Figure 1. Loss of Rassf1a promotes tumorigenesis.

A. Kaplan-Meier curves showing the tumor latency for Rassf1a^+/+ and Rassf1a^−/− mice on a ‘jumping’ background (i.e., T2Onc^+/Tg; Rosa^+/SB) are significantly different using the Log-rank (Mantel-Cox) Test: P<0.0009. B. Photomicrographs of formalin-fixed, hematoxylin and eosin-stained sections of (i) a thymic lymphoma (ii) that metastasized to the liver; (iii) a splenic lymphoma (iv) that metastasized to the lung; a leukemia that infiltrated the (v) spleen and (vi) kidney; and a mouse that developed two independent tumors, specifically (vii) splenic lymphoma and (viii) hepatocellular carcinoma. C. Photomicrographs of an immunohistochemically-stained (i) lung section infiltrated by a lymphoma of T-cell origin (CD3-positive), and (ii) a spleen section infiltrated by myeloid leukemia (MPO-positive).
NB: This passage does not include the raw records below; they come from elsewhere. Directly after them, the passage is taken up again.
(* Let $\varphi:\mathbb R\to\mathbb C$ satisfy $|\varphi(x)|\le Ce^{-|x|}$ for some $C>0$ and $\int_{\mathbb R}\varphi(x)dx=1$. There exist $\varepsilon>0$ and $K\ge1$ such that for every complex-valued $u\in\mathrm{BMO}(\mathbb R)$ with $\|u\|_*<\varepsilon$ and all $x\in\mathbb R$, $y>0$, $$K^{-1}|(\varphi_y*e^u)(x)|\le|e^{(\varphi_y*u)(x)}|\le K|(\varphi_y*e^u)(x)|.$$
   Context: $u_I=|I|^{-1}\int_Iu$, $\|u\|_*=\sup_I|I|^{-1}\int_I|u-u_I|$ over bounded intervals $I$, $\mathrm{BMO}(\mathbb R)=\{\|u\|_*<\infty\}$. $\varphi_y(x)=y^{-1}\varphi(x/y)$. *)

theory Defs
  imports "HOL-Analysis.Analysis"
begin

definition interval_avg :: "(real \<Rightarrow> complex) \<Rightarrow> real \<Rightarrow> real \<Rightarrow> complex" where
  "interval_avg u a b = complex_of_real (1 / (b - a)) * (LINT t:{a..b}|lborel. u t)"

definition mean_osc :: "(real \<Rightarrow> complex) \<Rightarrow> real \<Rightarrow> real \<Rightarrow> real" where
  "mean_osc u a b = (1 / (b - a)) * (LINT t:{a..b}|lborel. cmod (u t - interval_avg u a b))"

definition in_BMO :: "(real \<Rightarrow> complex) \<Rightarrow> bool" where
  "in_BMO u \<longleftrightarrow> (\<forall>a b. a < b \<longrightarrow> set_integrable lborel {a..b} u) \<and>
                  bdd_above {mean_osc u a b | a b. a < b}"

definition bmo_norm :: "(real \<Rightarrow> complex) \<Rightarrow> real" where
  "bmo_norm u = Sup {mean_osc u a b | a b. a < b}"

definition dil :: "(real \<Rightarrow> complex) \<Rightarrow> real \<Rightarrow> real \<Rightarrow> complex" where
  "dil \<phi> y x = complex_of_real (1 / y) * \<phi> (x / y)"

definition conv :: "(real \<Rightarrow> complex) \<Rightarrow> (real \<Rightarrow> complex) \<Rightarrow> real \<Rightarrow> complex" where
  "conv f g x = (LINT t|lborel. f (x - t) * g t)"

end

theory Submission
  imports Defs
begin

text \<open>For small \<open>\<epsilon>\<close>, a John--Nirenberg argument (Calderon--Zygmund stopping on dyadic
  subintervals, run on the truncations \<open>exp (min r N) - 1\<close> so that all suprema are finite)
  shows that \<open>exp |u - u\<^sub>I|\<close> has average at most \<open>1 + 40\<epsilon>\<close> on every interval \<open>I\<close>.
  The averages of \<open>u\<close> over \<open>[x - (n+1)y, x + (n+1)y]\<close> drift by at most \<open>2\<epsilon>\<close> per step, so
  summing over these annuli against the exponential decay of \<open>\<phi>\<close> gives
  \<open>\<integral> |\<phi>\<^sub>y (x - t)| (exp |u t - a| - 1) dt = O(\<epsilon>)\<close>, where \<open>a\<close> is the average of \<open>u\<close> over
  \<open>[x - y, x + y]\<close>. Finally, with \<open>c = (\<phi>\<^sub>y * u) x\<close>, the identity
  \<open>exp u - exp c = exp c * (exp (u - c) - 1)\<close> and \<open>|exp z - 1| \<le> exp |z| - 1\<close> give
  \<open>|(\<phi>\<^sub>y * exp u) x - exp c| \<le> |exp c| / 2\<close>, hence the claim with \<open>K = 2\<close>.\<close>

section \<open>Dyadic subintervals and a density lemma\<close>

definition dyadic_pt :: "real \<Rightarrow> real \<Rightarrow> nat \<Rightarrow> nat \<Rightarrow> real" where
  "dyadic_pt a b n j = a + real j * ((b - a) / 2 ^ n)"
All sections shown are representative and images are at x400 magnification. D. Seven of the Rassf1a^−/− SB mice that developed leukemia/lymphoma carried transposons which had inserted into the Runx2 gene (indicated by the red triangles; direction of triangle indicates orientation of the transposon). The blue triangles are Rassf1a^+/+ SB mice that developed leukemia/lymphoma and carried Runx2 insertions, although these insertions did not constitute a statistically significant common insertion site (CIS). Sequencing of the insertion-genome junction from splenic cDNA of two of these mice showed the splicing of Runx2 directly onto the splice acceptor (SA)-polyA from the transposon. The protein structure of RUNX2 is shown in blue and the key domains are labeled, including a glutamine/alanine (QA) rich tract, a Runt domain (RHD), a nuclear localization signal (NLS), a proline/serine/threonine (PST) rich tract, a nuclear matrix targeting signal (NMTS) and the C-terminal VWRPY domain for TLE/Groucho co-repressor interactions.